» **EXERCISE REQUIREMENTS**: Start at the line below containing "(sinh (u s))^2)" and stop at the line containing "using reg_curve_pos[OF assms] by simp_all". Repeat every line of that stretch exactly, and nothing outside it.

- Opening Delimiter -

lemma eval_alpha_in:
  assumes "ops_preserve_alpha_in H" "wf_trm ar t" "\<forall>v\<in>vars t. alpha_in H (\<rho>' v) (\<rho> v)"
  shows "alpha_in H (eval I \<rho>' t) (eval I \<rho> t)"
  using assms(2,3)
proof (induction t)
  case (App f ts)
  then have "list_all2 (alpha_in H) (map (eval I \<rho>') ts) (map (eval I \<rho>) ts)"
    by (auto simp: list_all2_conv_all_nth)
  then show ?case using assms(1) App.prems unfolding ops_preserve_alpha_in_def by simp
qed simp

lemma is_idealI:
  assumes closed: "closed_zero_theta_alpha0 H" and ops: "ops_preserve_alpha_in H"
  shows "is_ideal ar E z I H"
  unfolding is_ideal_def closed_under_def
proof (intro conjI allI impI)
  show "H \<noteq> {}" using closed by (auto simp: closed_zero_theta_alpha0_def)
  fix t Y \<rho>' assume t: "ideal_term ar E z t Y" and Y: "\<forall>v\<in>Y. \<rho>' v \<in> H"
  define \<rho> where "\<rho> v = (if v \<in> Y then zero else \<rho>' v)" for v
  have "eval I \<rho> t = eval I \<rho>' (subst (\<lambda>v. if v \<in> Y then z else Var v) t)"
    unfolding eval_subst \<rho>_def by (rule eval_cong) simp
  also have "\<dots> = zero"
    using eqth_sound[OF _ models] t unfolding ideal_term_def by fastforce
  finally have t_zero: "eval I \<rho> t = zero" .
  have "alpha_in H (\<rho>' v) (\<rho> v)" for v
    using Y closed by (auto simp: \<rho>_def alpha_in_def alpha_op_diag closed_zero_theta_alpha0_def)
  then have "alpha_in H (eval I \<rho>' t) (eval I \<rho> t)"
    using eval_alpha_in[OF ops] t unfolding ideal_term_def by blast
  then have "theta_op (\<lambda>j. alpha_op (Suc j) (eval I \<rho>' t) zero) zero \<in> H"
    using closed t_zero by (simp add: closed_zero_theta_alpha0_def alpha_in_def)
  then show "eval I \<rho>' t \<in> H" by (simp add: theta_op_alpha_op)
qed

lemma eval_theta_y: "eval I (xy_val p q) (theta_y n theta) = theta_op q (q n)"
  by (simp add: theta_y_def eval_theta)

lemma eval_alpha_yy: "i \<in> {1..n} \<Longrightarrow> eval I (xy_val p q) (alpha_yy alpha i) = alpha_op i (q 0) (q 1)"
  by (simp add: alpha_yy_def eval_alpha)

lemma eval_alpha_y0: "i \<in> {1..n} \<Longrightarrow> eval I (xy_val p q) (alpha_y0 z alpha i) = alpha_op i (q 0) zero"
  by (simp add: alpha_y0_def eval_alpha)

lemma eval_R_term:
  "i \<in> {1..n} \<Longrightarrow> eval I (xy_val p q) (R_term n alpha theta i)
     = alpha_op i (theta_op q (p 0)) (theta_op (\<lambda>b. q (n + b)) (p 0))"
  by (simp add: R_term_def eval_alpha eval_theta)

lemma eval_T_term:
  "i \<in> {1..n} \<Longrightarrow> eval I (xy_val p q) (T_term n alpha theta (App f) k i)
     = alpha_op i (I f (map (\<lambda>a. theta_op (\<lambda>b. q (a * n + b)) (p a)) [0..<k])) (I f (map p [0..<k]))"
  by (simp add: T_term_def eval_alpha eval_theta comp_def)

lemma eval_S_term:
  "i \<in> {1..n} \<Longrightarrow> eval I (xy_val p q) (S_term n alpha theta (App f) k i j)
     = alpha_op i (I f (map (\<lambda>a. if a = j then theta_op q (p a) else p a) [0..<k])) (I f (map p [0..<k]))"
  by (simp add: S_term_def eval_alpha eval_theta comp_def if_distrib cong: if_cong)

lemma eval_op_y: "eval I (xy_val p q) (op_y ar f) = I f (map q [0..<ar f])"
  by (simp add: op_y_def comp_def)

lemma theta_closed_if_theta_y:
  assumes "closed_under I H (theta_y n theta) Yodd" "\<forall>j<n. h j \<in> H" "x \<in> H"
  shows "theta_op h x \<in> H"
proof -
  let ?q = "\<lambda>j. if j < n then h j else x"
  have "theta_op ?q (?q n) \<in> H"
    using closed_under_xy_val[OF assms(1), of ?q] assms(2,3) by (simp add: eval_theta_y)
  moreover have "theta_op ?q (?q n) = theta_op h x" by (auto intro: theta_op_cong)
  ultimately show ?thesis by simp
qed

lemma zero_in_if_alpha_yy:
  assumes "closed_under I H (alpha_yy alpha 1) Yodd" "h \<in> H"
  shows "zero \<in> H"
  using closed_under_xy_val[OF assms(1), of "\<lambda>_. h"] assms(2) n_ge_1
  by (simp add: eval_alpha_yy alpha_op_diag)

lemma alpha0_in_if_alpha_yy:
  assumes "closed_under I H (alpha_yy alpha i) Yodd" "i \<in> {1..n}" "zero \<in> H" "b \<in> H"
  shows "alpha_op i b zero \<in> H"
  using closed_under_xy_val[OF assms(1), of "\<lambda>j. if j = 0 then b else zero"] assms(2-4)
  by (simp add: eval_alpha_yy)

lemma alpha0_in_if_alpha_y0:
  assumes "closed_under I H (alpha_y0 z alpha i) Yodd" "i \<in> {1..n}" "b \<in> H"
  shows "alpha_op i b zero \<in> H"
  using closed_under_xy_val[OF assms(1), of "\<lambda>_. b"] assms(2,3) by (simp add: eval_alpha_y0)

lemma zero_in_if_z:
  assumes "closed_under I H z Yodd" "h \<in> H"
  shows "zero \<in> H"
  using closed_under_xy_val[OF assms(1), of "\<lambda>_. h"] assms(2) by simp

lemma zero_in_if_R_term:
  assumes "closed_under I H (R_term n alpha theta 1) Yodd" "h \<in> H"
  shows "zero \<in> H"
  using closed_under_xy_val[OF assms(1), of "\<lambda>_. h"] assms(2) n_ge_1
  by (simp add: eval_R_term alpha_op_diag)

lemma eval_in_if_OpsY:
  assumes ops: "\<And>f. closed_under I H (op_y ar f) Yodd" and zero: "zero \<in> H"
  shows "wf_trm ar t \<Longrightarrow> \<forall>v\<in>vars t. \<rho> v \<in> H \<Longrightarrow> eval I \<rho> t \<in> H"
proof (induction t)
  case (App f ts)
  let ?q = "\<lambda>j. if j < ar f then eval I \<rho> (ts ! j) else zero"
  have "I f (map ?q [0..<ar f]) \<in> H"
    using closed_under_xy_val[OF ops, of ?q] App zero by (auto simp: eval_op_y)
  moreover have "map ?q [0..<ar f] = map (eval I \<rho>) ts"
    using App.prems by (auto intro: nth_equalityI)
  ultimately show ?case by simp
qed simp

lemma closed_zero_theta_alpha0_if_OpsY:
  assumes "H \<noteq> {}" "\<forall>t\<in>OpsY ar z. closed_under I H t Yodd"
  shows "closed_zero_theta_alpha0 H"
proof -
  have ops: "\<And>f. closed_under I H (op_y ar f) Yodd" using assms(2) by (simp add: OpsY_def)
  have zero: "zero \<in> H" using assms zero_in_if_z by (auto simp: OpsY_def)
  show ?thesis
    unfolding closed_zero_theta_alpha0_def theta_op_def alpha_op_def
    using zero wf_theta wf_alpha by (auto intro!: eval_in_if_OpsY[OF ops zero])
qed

- Closing Delimiter -
- Opening Delimiter -

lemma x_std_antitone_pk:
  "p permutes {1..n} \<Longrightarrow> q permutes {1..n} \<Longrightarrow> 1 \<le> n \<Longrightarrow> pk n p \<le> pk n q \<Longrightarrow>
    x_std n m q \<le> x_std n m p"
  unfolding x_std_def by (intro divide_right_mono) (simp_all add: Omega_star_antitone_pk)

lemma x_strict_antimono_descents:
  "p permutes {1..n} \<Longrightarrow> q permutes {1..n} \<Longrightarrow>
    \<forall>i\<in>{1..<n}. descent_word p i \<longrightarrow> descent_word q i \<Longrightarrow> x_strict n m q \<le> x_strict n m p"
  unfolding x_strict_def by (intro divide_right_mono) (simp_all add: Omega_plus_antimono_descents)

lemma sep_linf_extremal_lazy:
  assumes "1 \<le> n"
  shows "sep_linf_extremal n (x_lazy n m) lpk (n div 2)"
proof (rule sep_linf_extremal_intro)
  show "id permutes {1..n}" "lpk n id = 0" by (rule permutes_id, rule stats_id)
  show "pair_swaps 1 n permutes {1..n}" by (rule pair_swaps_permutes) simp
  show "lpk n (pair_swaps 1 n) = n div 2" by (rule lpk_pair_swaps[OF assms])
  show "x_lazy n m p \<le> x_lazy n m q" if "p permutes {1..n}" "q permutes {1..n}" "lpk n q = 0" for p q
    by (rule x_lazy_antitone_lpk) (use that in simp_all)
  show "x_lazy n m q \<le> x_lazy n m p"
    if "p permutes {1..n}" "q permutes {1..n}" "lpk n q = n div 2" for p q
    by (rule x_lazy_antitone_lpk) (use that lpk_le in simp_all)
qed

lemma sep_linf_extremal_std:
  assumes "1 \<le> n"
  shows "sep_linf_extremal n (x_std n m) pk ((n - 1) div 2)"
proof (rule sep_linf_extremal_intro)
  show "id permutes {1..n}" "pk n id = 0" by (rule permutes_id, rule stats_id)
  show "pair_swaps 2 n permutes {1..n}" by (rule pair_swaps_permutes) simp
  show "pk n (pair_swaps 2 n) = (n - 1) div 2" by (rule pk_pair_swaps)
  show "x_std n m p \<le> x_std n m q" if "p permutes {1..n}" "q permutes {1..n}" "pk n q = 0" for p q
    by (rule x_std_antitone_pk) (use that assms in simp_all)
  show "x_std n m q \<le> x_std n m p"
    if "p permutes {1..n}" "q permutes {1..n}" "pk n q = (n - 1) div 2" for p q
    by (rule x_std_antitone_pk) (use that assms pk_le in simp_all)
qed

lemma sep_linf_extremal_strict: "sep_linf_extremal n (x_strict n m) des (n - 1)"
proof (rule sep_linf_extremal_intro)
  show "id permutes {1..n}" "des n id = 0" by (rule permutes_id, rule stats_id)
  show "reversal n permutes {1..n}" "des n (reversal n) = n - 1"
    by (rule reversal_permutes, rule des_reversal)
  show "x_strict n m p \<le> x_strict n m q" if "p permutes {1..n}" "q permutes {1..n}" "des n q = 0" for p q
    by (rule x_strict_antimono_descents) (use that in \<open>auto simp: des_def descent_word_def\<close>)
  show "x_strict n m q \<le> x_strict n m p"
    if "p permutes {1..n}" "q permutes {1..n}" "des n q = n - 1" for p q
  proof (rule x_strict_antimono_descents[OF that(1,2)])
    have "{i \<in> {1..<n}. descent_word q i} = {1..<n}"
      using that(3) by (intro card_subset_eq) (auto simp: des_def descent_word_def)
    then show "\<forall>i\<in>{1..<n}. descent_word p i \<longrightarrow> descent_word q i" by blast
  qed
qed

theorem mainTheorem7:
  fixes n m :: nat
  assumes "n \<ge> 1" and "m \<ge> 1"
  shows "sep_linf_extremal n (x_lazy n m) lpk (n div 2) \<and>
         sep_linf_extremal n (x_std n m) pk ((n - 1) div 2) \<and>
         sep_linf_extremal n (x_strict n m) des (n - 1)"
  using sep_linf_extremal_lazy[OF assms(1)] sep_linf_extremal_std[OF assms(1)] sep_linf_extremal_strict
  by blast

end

- Closing Delimiter -
- Opening Delimiter -

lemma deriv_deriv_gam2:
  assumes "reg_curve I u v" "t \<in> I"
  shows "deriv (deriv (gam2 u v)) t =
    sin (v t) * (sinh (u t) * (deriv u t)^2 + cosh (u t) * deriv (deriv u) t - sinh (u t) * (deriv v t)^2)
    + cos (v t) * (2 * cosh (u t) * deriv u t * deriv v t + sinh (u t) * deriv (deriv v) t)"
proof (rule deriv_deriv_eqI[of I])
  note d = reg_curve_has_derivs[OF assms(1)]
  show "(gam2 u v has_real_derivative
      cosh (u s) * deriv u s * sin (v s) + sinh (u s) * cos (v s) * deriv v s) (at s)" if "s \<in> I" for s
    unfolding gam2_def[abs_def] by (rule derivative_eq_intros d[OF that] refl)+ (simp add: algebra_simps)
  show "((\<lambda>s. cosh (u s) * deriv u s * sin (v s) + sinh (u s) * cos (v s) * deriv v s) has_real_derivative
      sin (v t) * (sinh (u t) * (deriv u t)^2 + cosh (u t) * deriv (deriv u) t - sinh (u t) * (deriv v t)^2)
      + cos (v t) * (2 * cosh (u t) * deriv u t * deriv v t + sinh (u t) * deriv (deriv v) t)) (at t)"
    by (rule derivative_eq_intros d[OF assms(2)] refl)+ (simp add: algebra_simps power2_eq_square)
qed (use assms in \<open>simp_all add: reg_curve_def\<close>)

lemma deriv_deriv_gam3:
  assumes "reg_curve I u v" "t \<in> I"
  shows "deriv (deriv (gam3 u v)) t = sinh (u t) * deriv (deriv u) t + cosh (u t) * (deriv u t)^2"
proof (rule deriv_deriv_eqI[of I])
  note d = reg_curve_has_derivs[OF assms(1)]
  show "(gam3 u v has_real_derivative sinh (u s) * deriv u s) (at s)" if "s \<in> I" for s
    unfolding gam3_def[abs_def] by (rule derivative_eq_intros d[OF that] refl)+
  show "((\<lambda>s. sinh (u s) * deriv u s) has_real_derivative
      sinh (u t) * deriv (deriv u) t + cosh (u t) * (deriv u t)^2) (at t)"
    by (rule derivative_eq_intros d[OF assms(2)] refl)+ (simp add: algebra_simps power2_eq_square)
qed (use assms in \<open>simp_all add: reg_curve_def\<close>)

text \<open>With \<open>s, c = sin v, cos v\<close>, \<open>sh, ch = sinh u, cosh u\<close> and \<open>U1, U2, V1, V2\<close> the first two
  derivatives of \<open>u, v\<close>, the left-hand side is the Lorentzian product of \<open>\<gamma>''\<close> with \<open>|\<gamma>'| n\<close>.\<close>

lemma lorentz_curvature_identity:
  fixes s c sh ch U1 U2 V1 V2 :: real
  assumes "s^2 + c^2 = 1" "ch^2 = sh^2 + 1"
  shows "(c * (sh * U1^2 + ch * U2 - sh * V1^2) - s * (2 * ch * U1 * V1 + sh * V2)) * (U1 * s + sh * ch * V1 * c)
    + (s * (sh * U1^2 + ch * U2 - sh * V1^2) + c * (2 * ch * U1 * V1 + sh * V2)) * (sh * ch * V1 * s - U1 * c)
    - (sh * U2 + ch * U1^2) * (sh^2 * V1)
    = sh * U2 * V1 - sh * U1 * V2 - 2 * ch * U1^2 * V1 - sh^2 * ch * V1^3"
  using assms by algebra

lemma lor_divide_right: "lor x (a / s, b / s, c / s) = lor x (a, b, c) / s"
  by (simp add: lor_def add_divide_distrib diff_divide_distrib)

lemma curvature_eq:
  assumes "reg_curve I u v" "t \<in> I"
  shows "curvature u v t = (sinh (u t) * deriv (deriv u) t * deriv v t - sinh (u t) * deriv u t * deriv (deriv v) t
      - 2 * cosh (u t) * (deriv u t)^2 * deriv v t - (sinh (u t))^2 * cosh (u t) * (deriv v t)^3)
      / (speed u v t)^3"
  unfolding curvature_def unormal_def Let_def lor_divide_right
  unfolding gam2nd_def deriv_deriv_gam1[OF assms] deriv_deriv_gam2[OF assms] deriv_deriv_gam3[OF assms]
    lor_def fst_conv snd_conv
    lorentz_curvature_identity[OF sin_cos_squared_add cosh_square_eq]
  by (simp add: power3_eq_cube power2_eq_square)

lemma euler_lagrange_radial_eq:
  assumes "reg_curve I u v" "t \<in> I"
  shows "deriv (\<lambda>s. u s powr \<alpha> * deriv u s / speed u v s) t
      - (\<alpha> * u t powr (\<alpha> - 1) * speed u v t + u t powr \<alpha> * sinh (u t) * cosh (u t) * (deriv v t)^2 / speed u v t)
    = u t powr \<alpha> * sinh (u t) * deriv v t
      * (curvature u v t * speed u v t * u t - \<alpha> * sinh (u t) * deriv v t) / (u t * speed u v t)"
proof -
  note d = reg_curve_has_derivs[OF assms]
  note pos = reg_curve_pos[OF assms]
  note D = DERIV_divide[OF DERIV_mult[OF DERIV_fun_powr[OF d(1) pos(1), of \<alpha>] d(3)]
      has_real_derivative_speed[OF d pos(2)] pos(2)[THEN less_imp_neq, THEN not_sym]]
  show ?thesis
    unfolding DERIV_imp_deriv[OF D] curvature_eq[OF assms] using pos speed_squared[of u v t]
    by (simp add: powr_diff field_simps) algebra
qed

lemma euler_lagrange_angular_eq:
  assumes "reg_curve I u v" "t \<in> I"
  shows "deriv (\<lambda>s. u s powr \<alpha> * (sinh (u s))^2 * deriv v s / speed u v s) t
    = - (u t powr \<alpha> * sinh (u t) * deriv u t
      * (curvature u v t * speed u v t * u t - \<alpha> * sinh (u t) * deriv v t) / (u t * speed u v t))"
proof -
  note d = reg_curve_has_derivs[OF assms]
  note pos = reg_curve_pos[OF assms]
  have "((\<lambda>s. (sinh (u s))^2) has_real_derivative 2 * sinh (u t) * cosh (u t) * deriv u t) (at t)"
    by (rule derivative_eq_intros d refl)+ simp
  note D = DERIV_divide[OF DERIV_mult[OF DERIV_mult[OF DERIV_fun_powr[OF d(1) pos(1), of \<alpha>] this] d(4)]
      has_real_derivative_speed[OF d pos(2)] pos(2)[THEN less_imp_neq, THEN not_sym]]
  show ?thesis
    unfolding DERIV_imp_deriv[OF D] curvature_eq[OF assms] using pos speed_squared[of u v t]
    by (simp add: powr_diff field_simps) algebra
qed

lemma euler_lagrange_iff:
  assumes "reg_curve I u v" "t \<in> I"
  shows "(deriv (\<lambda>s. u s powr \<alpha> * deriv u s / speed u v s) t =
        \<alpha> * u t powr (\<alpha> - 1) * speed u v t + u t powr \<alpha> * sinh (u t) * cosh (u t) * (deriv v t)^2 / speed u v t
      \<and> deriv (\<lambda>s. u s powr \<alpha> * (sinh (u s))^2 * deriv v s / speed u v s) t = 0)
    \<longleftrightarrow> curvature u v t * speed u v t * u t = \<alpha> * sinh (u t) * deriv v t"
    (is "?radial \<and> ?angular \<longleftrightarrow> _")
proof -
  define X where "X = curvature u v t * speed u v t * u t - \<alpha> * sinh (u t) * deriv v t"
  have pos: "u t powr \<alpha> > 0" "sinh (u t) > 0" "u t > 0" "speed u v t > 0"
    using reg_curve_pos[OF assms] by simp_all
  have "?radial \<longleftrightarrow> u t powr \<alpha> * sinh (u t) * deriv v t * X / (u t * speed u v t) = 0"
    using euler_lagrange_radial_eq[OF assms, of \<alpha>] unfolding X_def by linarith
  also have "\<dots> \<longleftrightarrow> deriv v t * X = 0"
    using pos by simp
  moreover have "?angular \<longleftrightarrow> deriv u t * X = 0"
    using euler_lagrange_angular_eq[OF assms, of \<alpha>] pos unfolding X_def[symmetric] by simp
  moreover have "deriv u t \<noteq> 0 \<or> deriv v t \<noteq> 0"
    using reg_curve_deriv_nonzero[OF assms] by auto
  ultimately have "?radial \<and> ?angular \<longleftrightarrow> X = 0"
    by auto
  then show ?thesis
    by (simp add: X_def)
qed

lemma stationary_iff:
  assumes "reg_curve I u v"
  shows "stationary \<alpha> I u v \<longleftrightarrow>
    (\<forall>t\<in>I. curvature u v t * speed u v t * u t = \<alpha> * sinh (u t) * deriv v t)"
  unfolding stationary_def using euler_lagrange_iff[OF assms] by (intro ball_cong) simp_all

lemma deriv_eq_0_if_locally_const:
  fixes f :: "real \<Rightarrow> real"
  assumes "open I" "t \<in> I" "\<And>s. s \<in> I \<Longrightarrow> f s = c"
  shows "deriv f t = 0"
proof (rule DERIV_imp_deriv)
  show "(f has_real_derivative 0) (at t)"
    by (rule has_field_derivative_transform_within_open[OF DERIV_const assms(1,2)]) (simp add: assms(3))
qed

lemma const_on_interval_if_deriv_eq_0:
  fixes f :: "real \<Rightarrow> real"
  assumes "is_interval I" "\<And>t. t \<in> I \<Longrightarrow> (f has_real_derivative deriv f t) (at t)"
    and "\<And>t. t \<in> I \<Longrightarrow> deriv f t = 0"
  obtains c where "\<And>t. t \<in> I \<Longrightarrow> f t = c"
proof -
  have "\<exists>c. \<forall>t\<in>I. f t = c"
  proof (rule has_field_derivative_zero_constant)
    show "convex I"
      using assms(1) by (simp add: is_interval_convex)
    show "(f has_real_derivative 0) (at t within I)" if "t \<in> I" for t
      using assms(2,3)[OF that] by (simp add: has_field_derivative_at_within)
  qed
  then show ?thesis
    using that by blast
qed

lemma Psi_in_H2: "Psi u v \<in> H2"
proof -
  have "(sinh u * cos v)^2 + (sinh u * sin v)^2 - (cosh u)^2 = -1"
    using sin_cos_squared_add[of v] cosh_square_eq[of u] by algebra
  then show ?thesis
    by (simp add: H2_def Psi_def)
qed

- Closing Delimiter -

» **RESULT FOR THIS EXERCISE**:
  have "((\<lambda>s. (sinh (u s))^2) has_real_derivative 2 * sinh (u t) * cosh (u t) * deriv u t) (at t)"
    by (rule derivative_eq_intros d refl)+ simp
  note D = DERIV_divide[OF DERIV_mult[OF DERIV_mult[OF DERIV_fun_powr[OF d(1) pos(1), of \<alpha>] this] d(4)]
      has_real_derivative_speed[OF d pos(2)] pos(2)[THEN less_imp_neq, THEN not_sym]]
  show ?thesis
    unfolding DERIV_imp_deriv[OF D] curvature_eq[OF assms] using pos speed_squared[of u v t]
    by (simp add: powr_diff field_simps) algebra
qed

lemma euler_lagrange_iff:
  assumes "reg_curve I u v" "t \<in> I"
  shows "(deriv (\<lambda>s. u s powr \<alpha> * deriv u s / speed u v s) t =
        \<alpha> * u t powr (\<alpha> - 1) * speed u v t + u t powr \<alpha> * sinh (u t) * cosh (u t) * (deriv v t)^2 / speed u v t
      \<and> deriv (\<lambda>s. u s powr \<alpha> * (sinh (u s))^2 * deriv v s / speed u v s) t = 0)
    \<longleftrightarrow> curvature u v t * speed u v t * u t = \<alpha> * sinh (u t) * deriv v t"
    (is "?radial \<and> ?angular \<longleftrightarrow> _")
proof -
  define X where "X = curvature u v t * speed u v t * u t - \<alpha> * sinh (u t) * deriv v t"
  have pos: "u t powr \<alpha> > 0" "sinh (u t) > 0" "u t > 0" "speed u v t > 0"
    using reg_curve_pos[OF assms] by simp_all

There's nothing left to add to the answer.